┌────────

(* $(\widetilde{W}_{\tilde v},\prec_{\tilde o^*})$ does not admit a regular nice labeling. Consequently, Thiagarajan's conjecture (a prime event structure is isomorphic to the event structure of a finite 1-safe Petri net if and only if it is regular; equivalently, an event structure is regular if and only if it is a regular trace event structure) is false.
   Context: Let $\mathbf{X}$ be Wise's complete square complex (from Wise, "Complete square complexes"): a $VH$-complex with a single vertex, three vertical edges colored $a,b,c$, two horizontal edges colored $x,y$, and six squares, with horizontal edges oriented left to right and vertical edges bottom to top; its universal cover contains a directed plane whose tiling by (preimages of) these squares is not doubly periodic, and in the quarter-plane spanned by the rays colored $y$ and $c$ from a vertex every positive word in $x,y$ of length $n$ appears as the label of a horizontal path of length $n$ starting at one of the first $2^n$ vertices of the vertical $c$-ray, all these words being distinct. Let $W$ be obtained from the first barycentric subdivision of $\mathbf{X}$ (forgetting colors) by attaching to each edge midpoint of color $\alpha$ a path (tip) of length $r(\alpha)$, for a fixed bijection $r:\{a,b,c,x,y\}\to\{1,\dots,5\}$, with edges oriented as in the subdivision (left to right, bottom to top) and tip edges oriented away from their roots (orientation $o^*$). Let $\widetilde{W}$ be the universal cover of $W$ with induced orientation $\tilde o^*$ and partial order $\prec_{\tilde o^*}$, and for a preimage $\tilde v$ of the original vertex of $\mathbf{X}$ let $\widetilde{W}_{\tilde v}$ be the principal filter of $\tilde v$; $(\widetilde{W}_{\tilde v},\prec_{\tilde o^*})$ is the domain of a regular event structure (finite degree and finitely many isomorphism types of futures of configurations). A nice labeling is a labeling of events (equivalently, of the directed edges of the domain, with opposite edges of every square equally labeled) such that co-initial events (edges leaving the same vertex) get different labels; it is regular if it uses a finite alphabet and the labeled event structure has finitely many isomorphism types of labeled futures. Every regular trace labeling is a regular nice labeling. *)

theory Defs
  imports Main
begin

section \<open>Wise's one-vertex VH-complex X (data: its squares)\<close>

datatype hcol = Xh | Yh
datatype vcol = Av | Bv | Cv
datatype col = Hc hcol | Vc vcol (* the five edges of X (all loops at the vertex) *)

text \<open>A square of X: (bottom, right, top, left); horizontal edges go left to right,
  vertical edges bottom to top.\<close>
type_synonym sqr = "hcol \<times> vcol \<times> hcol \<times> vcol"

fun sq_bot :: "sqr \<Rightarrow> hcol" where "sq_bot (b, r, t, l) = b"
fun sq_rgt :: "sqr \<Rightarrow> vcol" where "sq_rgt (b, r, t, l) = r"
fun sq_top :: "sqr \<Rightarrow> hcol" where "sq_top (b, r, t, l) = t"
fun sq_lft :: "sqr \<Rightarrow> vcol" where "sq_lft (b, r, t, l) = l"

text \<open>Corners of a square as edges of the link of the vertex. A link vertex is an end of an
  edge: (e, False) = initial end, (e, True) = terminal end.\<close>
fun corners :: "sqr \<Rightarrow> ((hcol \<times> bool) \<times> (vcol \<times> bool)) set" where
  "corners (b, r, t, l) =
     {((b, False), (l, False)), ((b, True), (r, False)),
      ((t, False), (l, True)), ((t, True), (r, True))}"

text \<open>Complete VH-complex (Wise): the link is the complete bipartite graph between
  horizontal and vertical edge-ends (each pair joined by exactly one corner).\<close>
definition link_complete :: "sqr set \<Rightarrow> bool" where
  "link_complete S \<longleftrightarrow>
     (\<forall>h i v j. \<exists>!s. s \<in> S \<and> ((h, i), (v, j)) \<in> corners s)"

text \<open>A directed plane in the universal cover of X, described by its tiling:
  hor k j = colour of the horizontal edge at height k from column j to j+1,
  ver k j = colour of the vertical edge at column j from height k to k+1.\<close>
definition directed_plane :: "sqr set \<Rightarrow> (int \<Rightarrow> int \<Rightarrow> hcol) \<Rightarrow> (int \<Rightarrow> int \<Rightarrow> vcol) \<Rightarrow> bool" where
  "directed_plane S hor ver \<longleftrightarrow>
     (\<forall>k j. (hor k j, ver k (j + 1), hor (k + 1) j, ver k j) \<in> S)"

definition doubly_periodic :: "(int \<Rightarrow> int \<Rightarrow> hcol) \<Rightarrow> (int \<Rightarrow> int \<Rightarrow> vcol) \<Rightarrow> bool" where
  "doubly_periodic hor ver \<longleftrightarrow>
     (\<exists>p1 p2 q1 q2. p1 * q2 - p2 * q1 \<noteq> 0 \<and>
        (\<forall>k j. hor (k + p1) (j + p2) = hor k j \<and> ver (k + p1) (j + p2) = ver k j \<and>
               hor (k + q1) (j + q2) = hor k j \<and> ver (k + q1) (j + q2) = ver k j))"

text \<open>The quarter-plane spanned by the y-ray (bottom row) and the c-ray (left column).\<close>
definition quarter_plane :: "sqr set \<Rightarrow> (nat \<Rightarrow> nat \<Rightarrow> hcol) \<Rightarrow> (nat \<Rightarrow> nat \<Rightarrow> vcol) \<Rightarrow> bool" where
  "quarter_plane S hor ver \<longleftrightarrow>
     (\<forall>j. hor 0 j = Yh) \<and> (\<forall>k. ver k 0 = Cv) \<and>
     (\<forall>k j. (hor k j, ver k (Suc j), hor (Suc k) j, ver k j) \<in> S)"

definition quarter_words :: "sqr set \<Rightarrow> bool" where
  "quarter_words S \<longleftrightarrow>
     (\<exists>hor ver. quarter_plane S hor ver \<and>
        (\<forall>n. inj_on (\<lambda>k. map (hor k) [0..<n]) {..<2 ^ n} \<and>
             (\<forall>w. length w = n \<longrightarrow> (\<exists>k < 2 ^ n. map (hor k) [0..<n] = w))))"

└────────
┌────────

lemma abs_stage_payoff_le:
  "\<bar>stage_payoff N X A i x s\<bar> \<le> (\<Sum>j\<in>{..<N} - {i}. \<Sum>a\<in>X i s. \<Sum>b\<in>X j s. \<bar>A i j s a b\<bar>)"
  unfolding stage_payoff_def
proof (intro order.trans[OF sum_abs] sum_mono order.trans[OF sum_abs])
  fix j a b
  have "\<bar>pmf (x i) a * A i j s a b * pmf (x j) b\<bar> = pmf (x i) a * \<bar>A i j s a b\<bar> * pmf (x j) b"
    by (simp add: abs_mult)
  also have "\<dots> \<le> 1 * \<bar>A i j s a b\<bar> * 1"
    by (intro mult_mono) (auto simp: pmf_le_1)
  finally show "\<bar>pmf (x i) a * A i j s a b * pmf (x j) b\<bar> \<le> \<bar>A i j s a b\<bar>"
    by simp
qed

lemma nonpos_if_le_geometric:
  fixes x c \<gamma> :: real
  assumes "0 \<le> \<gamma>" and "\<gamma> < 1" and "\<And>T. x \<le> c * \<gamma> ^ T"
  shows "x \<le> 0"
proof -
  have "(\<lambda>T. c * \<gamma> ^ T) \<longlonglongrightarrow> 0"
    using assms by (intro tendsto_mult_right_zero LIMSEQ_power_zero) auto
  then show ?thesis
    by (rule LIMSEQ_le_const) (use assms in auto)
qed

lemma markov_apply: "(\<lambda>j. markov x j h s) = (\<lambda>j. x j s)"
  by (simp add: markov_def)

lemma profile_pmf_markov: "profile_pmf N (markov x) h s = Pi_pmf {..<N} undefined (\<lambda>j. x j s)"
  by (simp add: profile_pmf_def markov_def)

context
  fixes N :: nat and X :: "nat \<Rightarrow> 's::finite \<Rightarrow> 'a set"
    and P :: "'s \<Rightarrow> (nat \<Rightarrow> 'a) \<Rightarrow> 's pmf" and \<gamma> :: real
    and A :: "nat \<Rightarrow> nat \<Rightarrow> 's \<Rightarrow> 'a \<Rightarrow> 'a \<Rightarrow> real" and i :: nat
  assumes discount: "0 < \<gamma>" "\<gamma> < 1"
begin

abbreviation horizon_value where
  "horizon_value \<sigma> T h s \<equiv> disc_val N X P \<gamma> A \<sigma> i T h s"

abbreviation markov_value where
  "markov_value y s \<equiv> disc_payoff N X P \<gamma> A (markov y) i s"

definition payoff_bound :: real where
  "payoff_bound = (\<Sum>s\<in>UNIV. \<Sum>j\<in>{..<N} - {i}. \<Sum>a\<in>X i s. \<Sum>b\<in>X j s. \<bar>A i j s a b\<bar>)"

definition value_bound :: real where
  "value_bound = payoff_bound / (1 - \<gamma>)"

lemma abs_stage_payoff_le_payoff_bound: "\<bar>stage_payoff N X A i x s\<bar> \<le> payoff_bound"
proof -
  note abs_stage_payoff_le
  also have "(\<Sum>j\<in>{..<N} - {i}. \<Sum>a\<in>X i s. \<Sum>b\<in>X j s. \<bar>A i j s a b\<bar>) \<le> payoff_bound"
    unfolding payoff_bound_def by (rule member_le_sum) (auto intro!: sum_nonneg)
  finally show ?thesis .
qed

└────────
┌────────

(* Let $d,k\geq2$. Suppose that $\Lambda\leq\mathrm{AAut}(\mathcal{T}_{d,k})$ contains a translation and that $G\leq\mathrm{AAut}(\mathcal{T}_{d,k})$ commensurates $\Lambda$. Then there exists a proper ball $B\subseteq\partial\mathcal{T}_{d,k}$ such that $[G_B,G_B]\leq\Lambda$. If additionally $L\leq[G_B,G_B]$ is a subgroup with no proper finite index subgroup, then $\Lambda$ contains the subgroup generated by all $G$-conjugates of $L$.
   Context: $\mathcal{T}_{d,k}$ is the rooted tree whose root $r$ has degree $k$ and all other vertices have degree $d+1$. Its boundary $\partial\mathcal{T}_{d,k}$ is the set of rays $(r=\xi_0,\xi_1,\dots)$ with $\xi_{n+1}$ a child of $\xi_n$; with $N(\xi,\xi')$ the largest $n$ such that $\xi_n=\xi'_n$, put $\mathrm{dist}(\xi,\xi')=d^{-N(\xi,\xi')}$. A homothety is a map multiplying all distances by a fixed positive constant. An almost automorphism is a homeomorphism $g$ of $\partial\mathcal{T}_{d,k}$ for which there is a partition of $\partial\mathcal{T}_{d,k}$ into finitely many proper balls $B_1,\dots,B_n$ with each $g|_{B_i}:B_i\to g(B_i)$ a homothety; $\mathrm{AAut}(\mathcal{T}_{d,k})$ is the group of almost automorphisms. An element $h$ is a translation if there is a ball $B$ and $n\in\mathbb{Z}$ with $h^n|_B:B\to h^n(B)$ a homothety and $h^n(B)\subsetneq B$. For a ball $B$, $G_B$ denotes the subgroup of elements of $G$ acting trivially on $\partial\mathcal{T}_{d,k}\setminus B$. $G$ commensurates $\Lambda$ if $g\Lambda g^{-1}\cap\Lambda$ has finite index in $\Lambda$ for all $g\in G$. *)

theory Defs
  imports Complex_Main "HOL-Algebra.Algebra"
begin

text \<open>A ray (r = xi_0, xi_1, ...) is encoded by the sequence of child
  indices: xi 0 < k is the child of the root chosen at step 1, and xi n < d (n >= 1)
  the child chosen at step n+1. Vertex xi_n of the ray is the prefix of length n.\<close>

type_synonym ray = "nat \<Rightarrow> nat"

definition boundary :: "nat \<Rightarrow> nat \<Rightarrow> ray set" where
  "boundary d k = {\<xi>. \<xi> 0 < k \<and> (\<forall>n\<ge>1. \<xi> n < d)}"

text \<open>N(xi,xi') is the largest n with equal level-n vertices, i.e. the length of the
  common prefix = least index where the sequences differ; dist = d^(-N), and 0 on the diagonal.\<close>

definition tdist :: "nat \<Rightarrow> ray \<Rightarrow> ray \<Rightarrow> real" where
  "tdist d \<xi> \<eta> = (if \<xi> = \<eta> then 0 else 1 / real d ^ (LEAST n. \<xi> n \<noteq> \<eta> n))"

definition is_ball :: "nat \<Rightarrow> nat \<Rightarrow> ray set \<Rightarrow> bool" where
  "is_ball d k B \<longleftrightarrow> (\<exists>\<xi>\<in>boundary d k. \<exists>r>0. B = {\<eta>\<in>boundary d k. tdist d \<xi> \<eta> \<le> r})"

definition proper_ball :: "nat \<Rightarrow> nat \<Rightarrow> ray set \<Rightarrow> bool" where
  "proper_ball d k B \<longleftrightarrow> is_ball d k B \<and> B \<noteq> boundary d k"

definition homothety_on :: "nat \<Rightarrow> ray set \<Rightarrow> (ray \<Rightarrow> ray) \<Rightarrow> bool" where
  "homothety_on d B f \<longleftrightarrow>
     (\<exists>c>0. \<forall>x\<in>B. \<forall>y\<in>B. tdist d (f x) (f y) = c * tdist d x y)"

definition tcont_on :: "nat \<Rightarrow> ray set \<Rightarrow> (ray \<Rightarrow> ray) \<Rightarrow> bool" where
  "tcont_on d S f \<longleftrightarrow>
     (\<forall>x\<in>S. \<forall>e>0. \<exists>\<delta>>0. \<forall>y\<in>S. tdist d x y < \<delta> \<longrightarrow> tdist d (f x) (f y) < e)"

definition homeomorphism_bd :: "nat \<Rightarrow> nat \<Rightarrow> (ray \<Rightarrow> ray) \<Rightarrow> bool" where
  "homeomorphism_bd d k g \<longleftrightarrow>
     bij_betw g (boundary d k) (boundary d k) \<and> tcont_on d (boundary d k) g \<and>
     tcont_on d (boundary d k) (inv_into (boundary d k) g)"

└────────

• _PROBLEM_: Say how many lines in the listing above include "assumes". Give nothing but the number.

• _YOUR SOLUTION_: 2